▶ Task to carry out
Look through the data below for the line with "unfolding cube_def by (rule" and the line with "by (rule sum.cong) (use Suc.prems", then output those two and all lines in between, exactly as written.

▶ Task input
(* Let $n\in\{2,6,10,\dots\}$ and consider $f_{n+4}$ on $\{0,1\}^{n+4}$. (a) If $x_{n+2}=x_{n+3}=x_{n+4}=0$, then changing $x_{n+1}$ from $0$ to $1$ strictly increases $f_{n+4}$ if and only if $x_i=1$ for all $i\le n$. (b) If $x_{n+4}=0$, then changing $x_{n+3}$ from $0$ to $1$ strictly increases $f_{n+4}$ if and only if $x_{n+1}=x_{n+2}=1$ and $x_i=0$ for all $i\le n$. (c) Changing $x_{n+4}$ from $0$ to $1$ strictly increases $f_{n+4}$ if and only if $x_{n+3}=1$.
   Context: For $n\in\{2,6,10,\dots\}$ define polynomials $f_n$ in variables $x_1,\dots,x_n$ (evaluated on $\{0,1\}^n$) recursively. Set $f_2(x_1,x_2):=x_1+x_2$. For $n\in\{2,6,10,\dots\}$, write $\mathbf{x}=(x_1,\dots,x_n)$, $S:=\sum_{i=1}^n x_i$, let $M_n:=\max_{\{0,1\}^n} f_n-\min_{\{0,1\}^n} f_n+1$, and define $f_{n+4}(\mathbf{x},x_{n+1},x_{n+2},x_{n+3},x_{n+4}) := f_n(\mathbf{x}) - M_n n^2 x_{n+1} + M_n(n+1) S x_{n+1} - x_{n+2} - 2M_n n S x_{n+2} + 2M_n n(n+2) x_{n+1}x_{n+2} - 4 S x_{n+3} + 2x_{n+1}x_{n+3} + 2x_{n+2}x_{n+3} - 3x_{n+3} + (M_n(n-1)+4) S x_{n+4} + 6M_n n^2 x_{n+3}x_{n+4} - 5M_n n^2 x_{n+4}$. *)

theory Defs
  imports Main
begin

definition cube :: "nat \<Rightarrow> (nat \<Rightarrow> int) set" where
  "cube n = {x. \<forall>i. (i \<in> {1..n} \<longrightarrow> x i \<in> {0,1}) \<and> (i \<notin> {1..n} \<longrightarrow> x i = 0)}"

text \<open>F k is the polynomial f_n with n = 4k+2 (it only reads x 1, ..., x n).\<close>
primrec F :: "nat \<Rightarrow> (nat \<Rightarrow> int) \<Rightarrow> int" where
  "F 0 = (\<lambda>x. x 1 + x 2)"
| "F (Suc k) =
    (let g = F k; n = 4 * k + 2;
         M = Max (g ` cube n) - Min (g ` cube n) + 1
     in (\<lambda>x. let S = (\<Sum>i=1..n. x i) in
           g x - M * int n ^ 2 * x (n+1) + M * (int n + 1) * S * x (n+1)
           - x (n+2) - 2 * M * int n * S * x (n+2)
           + 2 * M * int n * (int n + 2) * x (n+1) * x (n+2)
           - 4 * S * x (n+3) + 2 * x (n+1) * x (n+3) + 2 * x (n+2) * x (n+3)
           - 3 * x (n+3) + (M * (int n - 1) + 4) * S * x (n+4)
           + 6 * M * int n ^ 2 * x (n+3) * x (n+4) - 5 * M * int n ^ 2 * x (n+4)))"

definition f :: "nat \<Rightarrow> (nat \<Rightarrow> int) \<Rightarrow> int" where
  "f n = F ((n - 2) div 4)"

end

theory Submission
  imports Defs
begin

text \<open>Write n = 4k+2, S = x 1 + ... + x n and M = M_n. Since f n only
  reads x 1, ..., x n, flipping x (n+1), x (n+3) or x (n+4) changes f (n+4) by a polynomial in
  S, M, n and the last four coordinates alone. With 0 \<le> S \<le> n and M \<ge> 1 the
  sign of each difference is elementary: (n+1) S > n^2 forces S = n because
  (n+1)(n-1) < n^2; and the x (n+4)-flip gains at least M n^2 > 0 when x (n+3) = 1, but at most
  (M (n-1) + 4) n - 5 M n^2 < 0 when x (n+3) = 0.\<close>

definition F_spread :: "nat \<Rightarrow> int" where
  "F_spread k = Max (F k ` cube (4*k+2)) - Min (F k ` cube (4*k+2)) + 1"

lemma finite_cube: "finite (cube n)"
  unfolding cube_def by (rule finite_set_of_finite_funs) auto

lemma zero_in_cube: "(\<lambda>_. 0) \<in> cube n"
  unfolding cube_def by auto

lemma F_spread_ge_1: "F_spread k \<ge> 1"
proof -
  let ?V = "F k ` cube (4*k+2)"
  have "finite ?V" and "F k (\<lambda>_. 0) \<in> ?V"
    using finite_cube zero_in_cube by auto
  then have "Min ?V \<le> Max ?V"
    using Min_le Max_ge order_trans by metis
  then show ?thesis unfolding F_spread_def by linarith
qed

lemma F_cong:
  assumes "\<And>i. i \<in> {1..4*k+2} \<Longrightarrow> x i = y i"
  shows "F k x = F k y"
  using assms
proof (induction k arbitrary: x y)
  case 0
  then show ?case by simp
next
  case (Suc k)
  have "F k x = F k y" by (rule Suc.IH) (use Suc.prems in auto)
  moreover have "(\<Sum>i=1..4*k+2. x i) = (\<Sum>i=1..4*k+2. y i)"
    by (rule sum.cong) (use Suc.prems in auto)
  moreover have tail: "x (4*k+2+j) = y (4*k+2+j)" if "j \<in> {1..4}" for j
    using Suc.prems that by auto
  ultimately show ?case
    using tail[of 1] tail[of 2] tail[of 3] tail[of 4] by (simp add: Let_def)
qed

lemma F_fun_upd_outside:
  assumes "4*k+2 < j"
  shows "F k (x(j := v)) = F k x"
  by (rule F_cong) (use assms in auto)

lemma sum_fun_upd_outside:
  assumes "j \<notin> A"
  shows "sum (g(j := v)) A = sum g A"
  by (rule sum.cong) (use assms in auto)

lemma F_Suc_eq:
  fixes k :: nat and x :: "nat \<Rightarrow> int"
  defines "n \<equiv> 4*k+2" and "M \<equiv> F_spread k"
  shows "F (Suc k) x =
    F k x - M * int n ^ 2 * x (n+1) + M * (int n + 1) * (\<Sum>i=1..n. x i) * x (n+1)
      - x (n+2) - 2 * M * int n * (\<Sum>i=1..n. x i) * x (n+2)
      + 2 * M * int n * (int n + 2) * x (n+1) * x (n+2)
      - 4 * (\<Sum>i=1..n. x i) * x (n+3) + 2 * x (n+1) * x (n+3) + 2 * x (n+2) * x (n+3)
      - 3 * x (n+3) + (M * (int n - 1) + 4) * (\<Sum>i=1..n. x i) * x (n+4)
      + 6 * M * int n ^ 2 * x (n+3) * x (n+4) - 5 * M * int n ^ 2 * x (n+4)"
  unfolding n_def M_def F_spread_def F.simps Let_def ..

lemma F_Suc_flips:
  fixes k :: nat and x :: "nat \<Rightarrow> int"
  defines "n \<equiv> 4*k+2" and "M \<equiv> F_spread k" and "S \<equiv> \<Sum>i=1..4*k+2. x i"
  shows "F (Suc k) (x(n+1 := 1)) - F (Suc k) (x(n+1 := 0)) =
      M * ((int n + 1) * S - int n ^ 2) + 2 * M * int n * (int n + 2) * x (n+2) + 2 * x (n+3)"
    and "F (Suc k) (x(n+3 := 1)) - F (Suc k) (x(n+3 := 0)) =
      - 4 * S + 2 * x (n+1) + 2 * x (n+2) - 3 + 6 * M * int n ^ 2 * x (n+4)"
    and "F (Suc k) (x(n+4 := 1)) - F (Suc k) (x(n+4 := 0)) =
      (M * (int n - 1) + 4) * S + 6 * M * int n ^ 2 * x (n+3) - 5 * M * int n ^ 2"
  unfolding F_Suc_eq
  by (simp_all add: F_fun_upd_outside sum_fun_upd_outside n_def M_def S_def algebra_simps)

lemma sum_01_bounds:
  fixes x :: "'a \<Rightarrow> int"
  assumes "\<forall>i\<in>A. x i \<in> {0,1}"
  shows "0 \<le> sum x A" and "sum x A \<le> int (card A)"
proof -
  show "0 \<le> sum x A" by (rule sum_nonneg) (use assms in auto)
  have "sum x A \<le> (\<Sum>i\<in>A. 1)" by (rule sum_mono) (use assms in auto)
  then show "sum x A \<le> int (card A)" by simp
qed

lemma sum_01_eq_0_iff:
  fixes x :: "'a \<Rightarrow> int"
  assumes "finite A" and "\<forall>i\<in>A. x i \<in> {0,1}"
  shows "sum x A = 0 \<longleftrightarrow> (\<forall>i\<in>A. x i = 0)"
proof -
  have "\<forall>i\<in>A. 0 \<le> x i" using assms(2) by auto
  then show ?thesis by (simp add: assms(1) sum_nonneg_eq_0_iff)
qed

lemma sum_01_eq_card_iff:
  fixes x :: "'a \<Rightarrow> int"
  assumes "finite A" and "\<forall>i\<in>A. x i \<in> {0,1}"
  shows "sum x A = int (card A) \<longleftrightarrow> (\<forall>i\<in>A. x i = 1)"
proof -
  have "sum x A = int (card A) \<longleftrightarrow> (\<Sum>i\<in>A. 1 - x i) = 0"
    by (auto simp: sum_subtractf)
  also have "\<dots> \<longleftrightarrow> (\<forall>i\<in>A. 1 - x i = 0)"
    using assms by (intro sum_nonneg_eq_0_iff) auto
  finally show ?thesis by simp
qed

lemma flip_n1_gain_pos_iff:
  fixes M N S :: int
  assumes "1 \<le> M" and "1 \<le> N" and "S \<le> N"
  shows "0 < M * ((N + 1) * S - N ^ 2) \<longleftrightarrow> S = N"
proof -
  have "0 < M * ((N + 1) * S - N ^ 2) \<longleftrightarrow> N ^ 2 < (N + 1) * S"
    using assms(1) by (simp add: zero_less_mult_iff)
  also have "\<dots> \<longleftrightarrow> S = N"
  proof
    assume "N ^ 2 < (N + 1) * S"
    show "S = N"
    proof (rule ccontr)
      assume "S \<noteq> N"
      then have "(N + 1) * S \<le> (N + 1) * (N - 1)"
        using assms by (intro mult_left_mono) auto
      then show False
        using \<open>N ^ 2 < (N + 1) * S\<close> by (simp add: algebra_simps power2_eq_square)
    qed
  qed (use assms in \<open>simp add: algebra_simps power2_eq_square\<close>)
  finally show ?thesis .
qed

lemma flip_n3_gain_pos_iff:
  fixes a b S :: int
  assumes "a \<in> {0,1}" and "b \<in> {0,1}" and "0 \<le> S"
  shows "0 < - 4 * S + 2 * a + 2 * b - 3 \<longleftrightarrow> a = 1 \<and> b = 1 \<and> S = 0"
  using assms by auto

lemma flip_n4_gain_pos_iff:
  fixes M N S t :: int
  assumes "1 \<le> M" and "1 \<le> N" and "0 \<le> S" and "S \<le> N" and "t \<in> {0,1}"
  shows "0 < (M * (N - 1) + 4) * S + 6 * M * N ^ 2 * t - 5 * M * N ^ 2 \<longleftrightarrow> t = 1"
proof (cases "t = 1")
  case True
  have "0 \<le> (M * (N - 1) + 4) * S" using assms by simp
  moreover have "0 < M * N ^ 2" using assms by simp
  ultimately show ?thesis using True by simp
next
  case False
  then have "t = 0" using assms(5) by simp
  have "(M * (N - 1) + 4) * S \<le> (M * (N - 1) + 4) * N"
    using assms by (intro mult_left_mono) auto
  moreover have MN: "1 * 1 \<le> M * N"
    using assms by (intro mult_mono) auto
  moreover have "N * 1 \<le> N * (M * N)"
    using assms MN by (intro mult_left_mono) auto
  ultimately show ?thesis using \<open>t = 0\<close> False
    by (simp add: algebra_simps power2_eq_square)
qed

theorem mainTheorem7:
  fixes n :: nat and x :: "nat \<Rightarrow> int"
  assumes "n mod 4 = 2"
    and "\<forall>i\<in>{1..n+4}. x i \<in> {0,1}"
  shows "(x (n+2) = 0 \<and> x (n+3) = 0 \<and> x (n+4) = 0 \<longrightarrow>
           (f (n+4) (x(n+1 := 0)) < f (n+4) (x(n+1 := 1)) \<longleftrightarrow> (\<forall>i\<in>{1..n}. x i = 1)))
       \<and> (x (n+4) = 0 \<longrightarrow>
           (f (n+4) (x(n+3 := 0)) < f (n+4) (x(n+3 := 1)) \<longleftrightarrow>
              x (n+1) = 1 \<and> x (n+2) = 1 \<and> (\<forall>i\<in>{1..n}. x i = 0)))
       \<and> (f (n+4) (x(n+4 := 0)) < f (n+4) (x(n+4 := 1)) \<longleftrightarrow> x (n+3) = 1)"
proof -
  obtain k where n: "n = 4*k+2"
    using assms(1) by (metis mod_div_mult_eq add.commute mult.commute)
  define S where "S = (\<Sum>i=1..n. x i)"
  define M where "M = F_spread k"
  have x01: "\<forall>i\<in>{1..n}. x i \<in> {0,1}" and "x (n+1) \<in> {0,1}" "x (n+2) \<in> {0,1}" "x (n+3) \<in> {0,1}"
    using assms(2) by auto
  have S_bounds: "0 \<le> S" "S \<le> int n"
    using sum_01_bounds[OF x01] by (simp_all add: S_def)
  have "1 \<le> M" and "1 \<le> int n"
    using F_spread_ge_1 by (simp_all add: M_def n)
  have "f (n+4) = F (Suc k)"
    by (simp add: f_def n)
  note gain = F_Suc_flips[of k x, folded n this S_def M_def]
  have flip_less_iff: "f (n+4) (x(j := 0)) < f (n+4) (x(j := 1)) \<longleftrightarrow>
      0 < f (n+4) (x(j := 1)) - f (n+4) (x(j := 0))" for j
    by simp
  show ?thesis
    unfolding flip_less_iff gain
    using flip_n1_gain_pos_iff[OF \<open>1 \<le> M\<close> \<open>1 \<le> int n\<close> S_bounds(2)]
      flip_n3_gain_pos_iff[OF \<open>x (n+1) \<in> {0,1}\<close> \<open>x (n+2) \<in> {0,1}\<close> S_bounds(1)]
      flip_n4_gain_pos_iff[OF \<open>1 \<le> M\<close> \<open>1 \<le> int n\<close> S_bounds \<open>x (n+3) \<in> {0,1}\<close>]
      sum_01_eq_card_iff[OF _ x01] sum_01_eq_0_iff[OF _ x01]
    by (simp add: S_def)
qed

end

▶ Expected output
  unfolding cube_def by (rule finite_set_of_finite_funs) auto

lemma zero_in_cube: "(\<lambda>_. 0) \<in> cube n"
  unfolding cube_def by auto

lemma F_spread_ge_1: "F_spread k \<ge> 1"
proof -
  let ?V = "F k ` cube (4*k+2)"
  have "finite ?V" and "F k (\<lambda>_. 0) \<in> ?V"
    using finite_cube zero_in_cube by auto
  then have "Min ?V \<le> Max ?V"
    using Min_le Max_ge order_trans by metis
  then show ?thesis unfolding F_spread_def by linarith
qed

lemma F_cong:
  assumes "\<And>i. i \<in> {1..4*k+2} \<Longrightarrow> x i = y i"
  shows "F k x = F k y"
  using assms
proof (induction k arbitrary: x y)
  case 0
  then show ?case by simp
next
  case (Suc k)
  have "F k x = F k y" by (rule Suc.IH) (use Suc.prems in auto)
  moreover have "(\<Sum>i=1..4*k+2. x i) = (\<Sum>i=1..4*k+2. y i)"
    by (rule sum.cong) (use Suc.prems in auto)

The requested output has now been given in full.